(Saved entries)

━━━━━━━━

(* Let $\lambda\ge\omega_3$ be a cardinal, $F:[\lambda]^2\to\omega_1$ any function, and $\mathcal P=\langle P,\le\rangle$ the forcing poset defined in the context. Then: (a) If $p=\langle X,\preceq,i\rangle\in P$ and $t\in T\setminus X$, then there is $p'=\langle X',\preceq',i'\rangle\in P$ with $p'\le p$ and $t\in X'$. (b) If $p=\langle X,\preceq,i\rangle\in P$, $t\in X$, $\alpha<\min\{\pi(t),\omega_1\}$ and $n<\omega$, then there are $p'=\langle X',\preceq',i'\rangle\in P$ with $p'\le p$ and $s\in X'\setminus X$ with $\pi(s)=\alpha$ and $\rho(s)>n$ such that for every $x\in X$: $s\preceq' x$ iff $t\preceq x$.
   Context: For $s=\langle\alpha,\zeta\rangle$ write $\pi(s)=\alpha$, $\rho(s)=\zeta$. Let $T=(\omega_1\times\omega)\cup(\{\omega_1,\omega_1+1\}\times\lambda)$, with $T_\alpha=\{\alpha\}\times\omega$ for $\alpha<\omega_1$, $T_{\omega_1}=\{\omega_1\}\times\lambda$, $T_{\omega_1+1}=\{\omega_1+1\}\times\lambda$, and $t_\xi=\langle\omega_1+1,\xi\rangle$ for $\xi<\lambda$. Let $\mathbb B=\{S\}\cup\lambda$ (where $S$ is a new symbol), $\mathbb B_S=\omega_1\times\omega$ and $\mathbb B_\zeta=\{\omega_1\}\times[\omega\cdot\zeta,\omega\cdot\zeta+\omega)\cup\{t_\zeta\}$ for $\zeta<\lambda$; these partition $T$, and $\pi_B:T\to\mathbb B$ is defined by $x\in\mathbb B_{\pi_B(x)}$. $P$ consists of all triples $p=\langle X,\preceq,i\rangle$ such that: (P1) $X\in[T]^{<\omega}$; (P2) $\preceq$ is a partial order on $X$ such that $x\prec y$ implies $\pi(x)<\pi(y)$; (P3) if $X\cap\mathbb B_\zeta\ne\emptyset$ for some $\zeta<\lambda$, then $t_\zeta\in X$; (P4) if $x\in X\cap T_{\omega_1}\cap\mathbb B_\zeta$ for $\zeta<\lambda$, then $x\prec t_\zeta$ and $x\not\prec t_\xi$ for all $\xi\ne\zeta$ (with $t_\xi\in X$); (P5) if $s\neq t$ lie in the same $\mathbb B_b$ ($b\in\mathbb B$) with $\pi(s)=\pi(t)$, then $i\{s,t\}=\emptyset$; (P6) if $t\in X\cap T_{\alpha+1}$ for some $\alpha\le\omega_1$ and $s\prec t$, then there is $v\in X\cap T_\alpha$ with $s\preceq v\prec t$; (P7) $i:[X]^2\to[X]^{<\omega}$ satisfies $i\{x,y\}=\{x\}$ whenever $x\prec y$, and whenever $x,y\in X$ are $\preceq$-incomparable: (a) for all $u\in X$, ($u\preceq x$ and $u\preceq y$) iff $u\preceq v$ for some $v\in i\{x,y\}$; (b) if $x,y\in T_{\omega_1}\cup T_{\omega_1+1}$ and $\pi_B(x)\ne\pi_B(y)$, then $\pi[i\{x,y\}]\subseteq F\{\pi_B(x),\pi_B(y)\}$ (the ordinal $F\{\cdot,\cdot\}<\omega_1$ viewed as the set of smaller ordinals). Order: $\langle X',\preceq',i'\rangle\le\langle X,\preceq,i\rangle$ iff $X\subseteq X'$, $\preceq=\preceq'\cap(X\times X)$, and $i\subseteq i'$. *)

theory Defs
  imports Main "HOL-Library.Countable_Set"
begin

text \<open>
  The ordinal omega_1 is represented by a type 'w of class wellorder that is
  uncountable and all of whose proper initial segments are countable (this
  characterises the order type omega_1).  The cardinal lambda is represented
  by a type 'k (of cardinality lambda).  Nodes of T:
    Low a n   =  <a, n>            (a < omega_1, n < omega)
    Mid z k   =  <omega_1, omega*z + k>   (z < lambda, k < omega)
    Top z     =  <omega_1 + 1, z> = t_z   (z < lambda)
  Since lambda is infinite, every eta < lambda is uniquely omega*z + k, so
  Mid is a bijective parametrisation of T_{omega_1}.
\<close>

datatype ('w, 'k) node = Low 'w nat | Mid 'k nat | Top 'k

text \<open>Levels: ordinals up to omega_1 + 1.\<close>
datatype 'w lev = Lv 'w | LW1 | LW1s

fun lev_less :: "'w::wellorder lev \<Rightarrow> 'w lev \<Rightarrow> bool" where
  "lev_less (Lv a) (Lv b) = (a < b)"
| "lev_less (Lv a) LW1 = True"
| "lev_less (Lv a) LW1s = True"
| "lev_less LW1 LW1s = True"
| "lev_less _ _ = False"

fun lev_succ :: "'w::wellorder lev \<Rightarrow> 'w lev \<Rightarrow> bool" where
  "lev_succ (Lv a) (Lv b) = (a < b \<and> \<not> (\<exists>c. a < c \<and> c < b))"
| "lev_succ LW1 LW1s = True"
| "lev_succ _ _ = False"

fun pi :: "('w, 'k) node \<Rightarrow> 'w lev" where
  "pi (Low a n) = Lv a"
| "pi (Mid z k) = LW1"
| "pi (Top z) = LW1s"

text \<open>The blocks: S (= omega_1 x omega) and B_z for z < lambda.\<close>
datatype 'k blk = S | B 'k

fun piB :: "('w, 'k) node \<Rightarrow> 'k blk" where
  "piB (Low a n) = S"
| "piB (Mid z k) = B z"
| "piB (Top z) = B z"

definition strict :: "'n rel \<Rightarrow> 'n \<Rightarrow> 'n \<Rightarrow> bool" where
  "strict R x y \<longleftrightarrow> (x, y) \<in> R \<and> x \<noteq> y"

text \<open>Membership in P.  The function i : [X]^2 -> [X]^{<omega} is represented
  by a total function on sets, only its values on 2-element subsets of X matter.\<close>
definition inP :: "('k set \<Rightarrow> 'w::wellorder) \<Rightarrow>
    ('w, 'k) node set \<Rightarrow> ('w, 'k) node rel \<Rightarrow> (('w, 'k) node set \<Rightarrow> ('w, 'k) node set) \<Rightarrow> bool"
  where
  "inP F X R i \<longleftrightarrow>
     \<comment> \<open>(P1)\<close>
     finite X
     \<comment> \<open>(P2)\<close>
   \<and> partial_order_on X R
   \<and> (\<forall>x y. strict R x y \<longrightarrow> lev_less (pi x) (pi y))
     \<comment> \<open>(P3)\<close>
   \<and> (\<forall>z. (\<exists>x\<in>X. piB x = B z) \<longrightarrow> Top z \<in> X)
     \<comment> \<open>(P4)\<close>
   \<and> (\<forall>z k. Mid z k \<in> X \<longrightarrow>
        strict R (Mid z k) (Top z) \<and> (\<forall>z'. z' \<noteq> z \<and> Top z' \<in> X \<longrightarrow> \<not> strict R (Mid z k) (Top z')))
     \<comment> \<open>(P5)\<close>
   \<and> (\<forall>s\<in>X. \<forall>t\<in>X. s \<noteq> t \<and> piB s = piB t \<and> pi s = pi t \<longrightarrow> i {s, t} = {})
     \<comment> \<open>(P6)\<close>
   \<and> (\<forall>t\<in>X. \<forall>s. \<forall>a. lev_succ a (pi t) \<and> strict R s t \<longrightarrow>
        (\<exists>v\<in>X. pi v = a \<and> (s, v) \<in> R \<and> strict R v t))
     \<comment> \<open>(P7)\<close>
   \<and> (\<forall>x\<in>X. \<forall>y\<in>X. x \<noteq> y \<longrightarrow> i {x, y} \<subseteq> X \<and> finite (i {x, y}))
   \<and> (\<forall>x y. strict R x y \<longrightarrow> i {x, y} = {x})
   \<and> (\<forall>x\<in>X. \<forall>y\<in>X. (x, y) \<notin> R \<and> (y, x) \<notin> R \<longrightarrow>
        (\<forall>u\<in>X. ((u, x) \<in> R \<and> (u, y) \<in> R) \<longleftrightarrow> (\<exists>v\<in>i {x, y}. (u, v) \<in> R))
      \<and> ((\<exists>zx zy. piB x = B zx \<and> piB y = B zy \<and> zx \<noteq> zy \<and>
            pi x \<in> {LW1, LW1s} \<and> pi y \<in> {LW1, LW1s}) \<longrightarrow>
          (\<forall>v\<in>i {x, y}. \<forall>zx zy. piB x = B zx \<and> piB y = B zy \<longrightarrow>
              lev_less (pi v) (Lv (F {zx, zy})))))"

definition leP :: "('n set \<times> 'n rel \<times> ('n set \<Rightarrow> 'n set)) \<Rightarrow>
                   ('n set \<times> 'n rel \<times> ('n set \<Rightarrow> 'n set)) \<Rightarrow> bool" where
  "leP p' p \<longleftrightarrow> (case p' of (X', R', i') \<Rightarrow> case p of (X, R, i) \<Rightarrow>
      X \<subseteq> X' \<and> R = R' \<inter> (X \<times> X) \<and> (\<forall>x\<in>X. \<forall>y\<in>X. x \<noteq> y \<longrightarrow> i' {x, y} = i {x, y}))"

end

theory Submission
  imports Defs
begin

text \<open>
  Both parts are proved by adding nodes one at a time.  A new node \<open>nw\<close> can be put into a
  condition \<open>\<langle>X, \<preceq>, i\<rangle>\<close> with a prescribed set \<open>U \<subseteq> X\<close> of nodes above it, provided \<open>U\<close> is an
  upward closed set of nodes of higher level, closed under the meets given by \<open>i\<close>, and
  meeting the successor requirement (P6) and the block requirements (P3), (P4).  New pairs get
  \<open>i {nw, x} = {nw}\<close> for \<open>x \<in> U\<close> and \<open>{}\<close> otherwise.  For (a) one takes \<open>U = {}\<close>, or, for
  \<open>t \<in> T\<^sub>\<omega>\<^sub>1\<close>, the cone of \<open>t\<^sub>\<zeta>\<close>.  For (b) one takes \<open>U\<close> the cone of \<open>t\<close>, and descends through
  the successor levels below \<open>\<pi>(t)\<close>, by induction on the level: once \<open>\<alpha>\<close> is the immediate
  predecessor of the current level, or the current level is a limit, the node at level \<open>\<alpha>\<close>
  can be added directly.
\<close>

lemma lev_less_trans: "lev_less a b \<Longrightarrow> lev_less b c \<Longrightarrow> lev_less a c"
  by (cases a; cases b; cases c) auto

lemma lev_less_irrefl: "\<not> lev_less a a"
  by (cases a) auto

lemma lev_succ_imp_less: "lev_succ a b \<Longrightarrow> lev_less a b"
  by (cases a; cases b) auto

━━━━━━━━

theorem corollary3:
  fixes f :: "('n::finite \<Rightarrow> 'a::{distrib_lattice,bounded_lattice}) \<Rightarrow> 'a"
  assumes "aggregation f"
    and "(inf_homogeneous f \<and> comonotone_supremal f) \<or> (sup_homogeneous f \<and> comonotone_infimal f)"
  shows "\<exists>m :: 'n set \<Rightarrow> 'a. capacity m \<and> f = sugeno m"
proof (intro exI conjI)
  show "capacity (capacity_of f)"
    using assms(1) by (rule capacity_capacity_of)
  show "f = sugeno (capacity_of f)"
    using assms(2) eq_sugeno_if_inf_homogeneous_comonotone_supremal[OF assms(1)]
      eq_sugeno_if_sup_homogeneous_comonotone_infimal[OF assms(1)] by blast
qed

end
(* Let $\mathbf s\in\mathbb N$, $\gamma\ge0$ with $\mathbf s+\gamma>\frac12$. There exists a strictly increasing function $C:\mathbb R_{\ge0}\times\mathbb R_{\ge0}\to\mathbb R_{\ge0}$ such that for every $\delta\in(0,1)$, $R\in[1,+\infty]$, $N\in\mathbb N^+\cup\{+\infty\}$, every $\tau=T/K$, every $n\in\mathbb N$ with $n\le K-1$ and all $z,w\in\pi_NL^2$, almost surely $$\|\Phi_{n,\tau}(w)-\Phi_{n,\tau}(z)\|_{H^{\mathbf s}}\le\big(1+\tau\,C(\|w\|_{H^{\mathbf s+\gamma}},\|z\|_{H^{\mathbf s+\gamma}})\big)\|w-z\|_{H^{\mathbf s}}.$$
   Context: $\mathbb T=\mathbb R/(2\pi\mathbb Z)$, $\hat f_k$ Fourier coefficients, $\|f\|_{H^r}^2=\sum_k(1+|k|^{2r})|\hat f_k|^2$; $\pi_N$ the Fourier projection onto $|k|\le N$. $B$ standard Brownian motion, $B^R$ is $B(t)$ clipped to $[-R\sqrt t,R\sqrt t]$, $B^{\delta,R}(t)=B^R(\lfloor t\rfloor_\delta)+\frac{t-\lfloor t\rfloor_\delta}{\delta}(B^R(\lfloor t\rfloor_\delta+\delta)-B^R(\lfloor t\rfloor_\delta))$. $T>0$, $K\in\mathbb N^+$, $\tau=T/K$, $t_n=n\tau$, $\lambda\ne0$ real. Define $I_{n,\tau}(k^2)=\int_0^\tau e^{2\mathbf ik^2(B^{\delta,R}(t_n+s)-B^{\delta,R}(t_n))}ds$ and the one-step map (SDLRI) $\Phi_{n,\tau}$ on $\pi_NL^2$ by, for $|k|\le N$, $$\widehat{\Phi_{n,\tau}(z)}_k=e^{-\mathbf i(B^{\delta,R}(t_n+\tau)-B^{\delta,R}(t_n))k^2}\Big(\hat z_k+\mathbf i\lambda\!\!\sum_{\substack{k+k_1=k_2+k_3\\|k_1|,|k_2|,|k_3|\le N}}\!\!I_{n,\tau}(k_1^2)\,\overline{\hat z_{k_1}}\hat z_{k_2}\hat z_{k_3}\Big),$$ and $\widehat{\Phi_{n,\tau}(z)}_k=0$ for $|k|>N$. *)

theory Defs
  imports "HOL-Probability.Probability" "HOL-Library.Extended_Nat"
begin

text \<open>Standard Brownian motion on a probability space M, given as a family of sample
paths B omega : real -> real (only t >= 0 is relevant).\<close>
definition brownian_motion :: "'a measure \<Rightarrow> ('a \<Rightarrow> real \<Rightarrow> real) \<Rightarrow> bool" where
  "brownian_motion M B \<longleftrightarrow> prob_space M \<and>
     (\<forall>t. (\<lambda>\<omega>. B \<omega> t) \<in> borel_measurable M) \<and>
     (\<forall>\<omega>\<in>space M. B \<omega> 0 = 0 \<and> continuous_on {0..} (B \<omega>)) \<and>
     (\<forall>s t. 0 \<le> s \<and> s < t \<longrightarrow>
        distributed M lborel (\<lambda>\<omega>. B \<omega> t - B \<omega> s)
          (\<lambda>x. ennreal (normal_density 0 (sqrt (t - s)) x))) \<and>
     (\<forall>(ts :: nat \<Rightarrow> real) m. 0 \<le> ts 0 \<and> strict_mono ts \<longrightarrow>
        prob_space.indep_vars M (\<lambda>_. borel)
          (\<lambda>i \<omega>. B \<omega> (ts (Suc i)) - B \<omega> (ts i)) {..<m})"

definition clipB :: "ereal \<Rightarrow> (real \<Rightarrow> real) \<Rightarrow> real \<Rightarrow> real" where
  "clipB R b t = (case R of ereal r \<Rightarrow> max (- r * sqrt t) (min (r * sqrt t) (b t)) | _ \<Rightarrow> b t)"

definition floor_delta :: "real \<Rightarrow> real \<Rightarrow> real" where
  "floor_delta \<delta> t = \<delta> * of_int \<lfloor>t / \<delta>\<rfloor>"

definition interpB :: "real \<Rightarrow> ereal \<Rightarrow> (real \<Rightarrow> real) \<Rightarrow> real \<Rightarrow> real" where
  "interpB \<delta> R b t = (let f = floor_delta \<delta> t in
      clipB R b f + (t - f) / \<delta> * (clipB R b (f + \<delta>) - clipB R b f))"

━━━━━━━━

Aim of the exercise:
Look through the entries above. Copy out every line holding the word "wellorder".

Response:
  The ordinal omega_1 is represented by a type 'w of class wellorder that is
fun lev_less :: "'w::wellorder lev \<Rightarrow> 'w lev \<Rightarrow> bool" where
fun lev_succ :: "'w::wellorder lev \<Rightarrow> 'w lev \<Rightarrow> bool" where
definition inP :: "('k set \<Rightarrow> 'w::wellorder) \<Rightarrow>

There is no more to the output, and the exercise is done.